The device was claimed to reduce fat, and enhance one’s anatomy by shocking the muscles with jolts of electricity.  Wet pads were strapped or placed on the body, attached by cords to a variable power source.  Pads could be positioned on the stomach, thighs, arms, legs, etc., even the face.  Then, all you had to do was lie there, and shock yourself into a fabulous physique.  This machine was said to be used by the US Navy to provide exercise for men confined to submarines! 

        
The barber chair still sat just inside of our front door.  The ordeal of getting that 300 pound object up the stairs had been so arduous that when we finally dragged it through the doorway, I simply left it there.  I had not yet decided where to place it, nor had I quite learned how to operate it.  One lever allowed the massive chair to rotate; the other made it lean back by degrees.  In its extreme position, it tipped back completely, lying flat with the foot rest raised, so the barber could administer a shave.  In this position the barber chair no longer resembled a chair, but was rather like an operating table.  Now, after some initial fumbling, I managed to maneuver it into that state, as the Relax-A-Cizor instructions explained, one must lie completely flat in order to “Relax.”
My standard hot weather attire, suitable for both the sweltering heat of the loft, and frequent excursions to the roof to run the hose, in an attempt to cool it off, was an ordinary bathing suit, which l now removed.  Then, I climbed onto the fully reclining barber chair, and cautiously strapped a pair of dripping wet pads onto my legs.  When they were in place, I reached over to the control, and turned on the rheostat a little bit.  Yikes!  The sensation resembled the kind of electric shock one would get by inserting their finger into a light socket.  The Relax-A-Cizor, even at its lowest setting, delivered a powerful jolt of electricity.  This thing really meant business!  It was not for the squeamish. 
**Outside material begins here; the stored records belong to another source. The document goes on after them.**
(* Let $A,B\in\operatorname{Sym}(n,\mathbb{R})$ be linearly independent, form a non-dissipative pair, and satisfy $\operatorname{maxrank}\{A,B\}\ge3$. Then there exists $z\in\mathbb{R}^n$ with ${}^tzAz={}^tzBz=0$ such that $Az$ and $Bz$ are linearly independent (i.e. $\partial\Gamma_A$ and $\partial\Gamma_B$ intersect transversally at $z$).
   Context: $A,B$ form a non-dissipative pair if $0$ is the only positive semidefinite element of $\operatorname{span}_{\mathbb{R}}\{A,B\}$. $\operatorname{maxrank}\{A,B\}$ is the maximal rank of elements of $\operatorname{span}_{\mathbb{R}}\{A,B\}$. $\Gamma_M=\{z:{}^tzMz\le0\}$. *)

theory Defs
  imports "HOL-Analysis.Analysis"
begin

definition symmetric_matrix :: "real^'n^'n \<Rightarrow> bool" where
  "symmetric_matrix M \<longleftrightarrow> transpose M = M"

definition psd_matrix :: "real^'n^'n \<Rightarrow> bool" where
  "psd_matrix M \<longleftrightarrow> symmetric_matrix M \<and> (\<forall>z. z \<bullet> (M *v z) \<ge> 0)"

definition rspan2 :: "real^'n^'n \<Rightarrow> real^'n^'n \<Rightarrow> (real^'n^'n) set" where
  "rspan2 A B = {s *\<^sub>R A + t *\<^sub>R B | s t. True}"

definition non_dissipative_pair :: "real^'n^'n \<Rightarrow> real^'n^'n \<Rightarrow> bool" where
  "non_dissipative_pair A B \<longleftrightarrow> (\<forall>M\<in>rspan2 A B. psd_matrix M \<longrightarrow> M = 0)"

definition maxrank2 :: "real^'n^'n \<Rightarrow> real^'n^'n \<Rightarrow> nat" where
  "maxrank2 A B = Max (rank ` rspan2 A B)"

definition lin_indep2 :: "'a::real_vector \<Rightarrow> 'a \<Rightarrow> bool" where
  "lin_indep2 u v \<longleftrightarrow> (\<forall>s t::real. s *\<^sub>R u + t *\<^sub>R v = 0 \<longrightarrow> s = 0 \<and> t = 0)"

end

theory Submission
  imports Defs "HOL-Library.Quadratic_Discriminant"
begin
lemma lattice_Stone_Weierstrass:
  fixes f :: "'a::topological_space \<Rightarrow> real"
  assumes "compact K" "K \<noteq> {}" and f: "continuous_on K f" and "e > 0"
    and cont: "\<And>g. g \<in> L \<Longrightarrow> continuous_on K g"
    and max_closed: "\<And>u v. u \<in> L \<Longrightarrow> v \<in> L \<Longrightarrow> (\<lambda>x. max (u x) (v x)) \<in> L"
    and min_closed: "\<And>u v. u \<in> L \<Longrightarrow> v \<in> L \<Longrightarrow> (\<lambda>x. min (u x) (v x)) \<in> L"
    and interp: "\<And>x y. x \<in> K \<Longrightarrow> y \<in> K \<Longrightarrow> \<exists>g\<in>L. g x = f x \<and> g y = f y"
  shows "\<exists>h\<in>L. \<forall>z\<in>K. \<bar>f z - h z\<bar> < e"
proof -
  have "\<forall>x\<in>K. \<exists>h. h \<in> L \<and> h x = f x \<and> (\<forall>z\<in>K. h z < f z + e)"
    using lattice_approx_from_above_at[OF assms(1-4) cont min_closed interp] by blast
  then obtain H where H: "\<And>x. x \<in> K \<Longrightarrow> H x \<in> L \<and> H x x = f x \<and> (\<forall>z\<in>K. H x z < f z + e)"
    by (metis bchoice)
  have "continuous_on K (\<lambda>z. H y z - (f z - e))" if "y \<in> K" for y
    using that f cont H by (intro continuous_intros) auto
  moreover have "H y y - (f y - e) > 0" if "y \<in> K" for y
    using that H \<open>e > 0\<close> by simp
  ultimately obtain T where T: "finite T" "T \<noteq> {}" "T \<subseteq> K"
    and cover: "\<forall>z\<in>K. \<exists>y\<in>T. H y z - (f z - e) > 0"
    using compact_finite_positive_cover[of K "\<lambda>y z. H y z - (f z - e)"] assms(1,2) by blast
  define h where "h z = Max ((\<lambda>y. H y z) ` T)" for z
  have "h \<in> L"
    unfolding h_def using T H by (intro finite_Max_closed[OF T(1,2) _ max_closed]) auto
  moreover have "\<bar>f z - h z\<bar> < e" if z: "z \<in> K" for z
  proof -
    have "h z \<in> (\<lambda>y. H y z) ` T"
      unfolding h_def using T by (intro Max_in) auto
    then have "h z < f z + e"
      using H T z by auto
    moreover obtain y where "y \<in> T" "f z - e < H y z"
      using cover z by force
    moreover have "H y z \<le> h z"
      unfolding h_def using T \<open>y \<in> T\<close> by simp
    ultimately show ?thesis
      by linarith
  qed
  ultimately show ?thesis
    by blast
qed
The waves of electricity were timed to come in measured surges.  And, to my astonishment, with each buzzzzz of electricity, the muscles in my legs twitched dramatically, and involuntarily, like a dead frog on a dissecting table, when electricity is applied to its rear legs.  I found this sizzling sensation to be mildly excruciating, but, at the same time, fascinating.  Determined, now, to grin and bear it, I turned the voltage higher.  Soon, my legs were kicking wildly.  Then, I shut the device off, momentarily, to add more dripping wet pads, one at a time; testing each to see if it was effective.  Through trial and error, my experiments methodically revealed which parts of my anatomy were muscles, and which, alas, were not.  I didn’t stop, until there were pads and wires everywhere, attached to any body part that would respond.

         
Then, with every available pad in place, I turned the electricity on again!  And every part of me began to twitch at once.  Then, bit by bit, I revved it up, until my entire body was bumping, jumping, thumping madly!  What a sight this must have been, a 6 foot 4 inch naked fatty, jumping wildly, as energy surged through, almost, every extremity of my body.  I closed my eyes and visualized a scene right out of Frankenstein:  the ornate barber chair, a maze of tangled wires everywhere, sweat, flying through the air, a monster, fuzzy as a bear! Then, suddenly, the barber chair began to rise up in the air, right through the open ceiling, and out onto the turrets of the Castle Frankenstein.  All around me, a thunderstorm was raging.  Enormous lightning bolts were flashing.  The kites were flying!  The electrodes on my neck were frying.  Not content, even with this, I reached out once again, groping for the rheostat, and turned the dial up even higher, insanely increasing the voltage to the point where I could bear no more.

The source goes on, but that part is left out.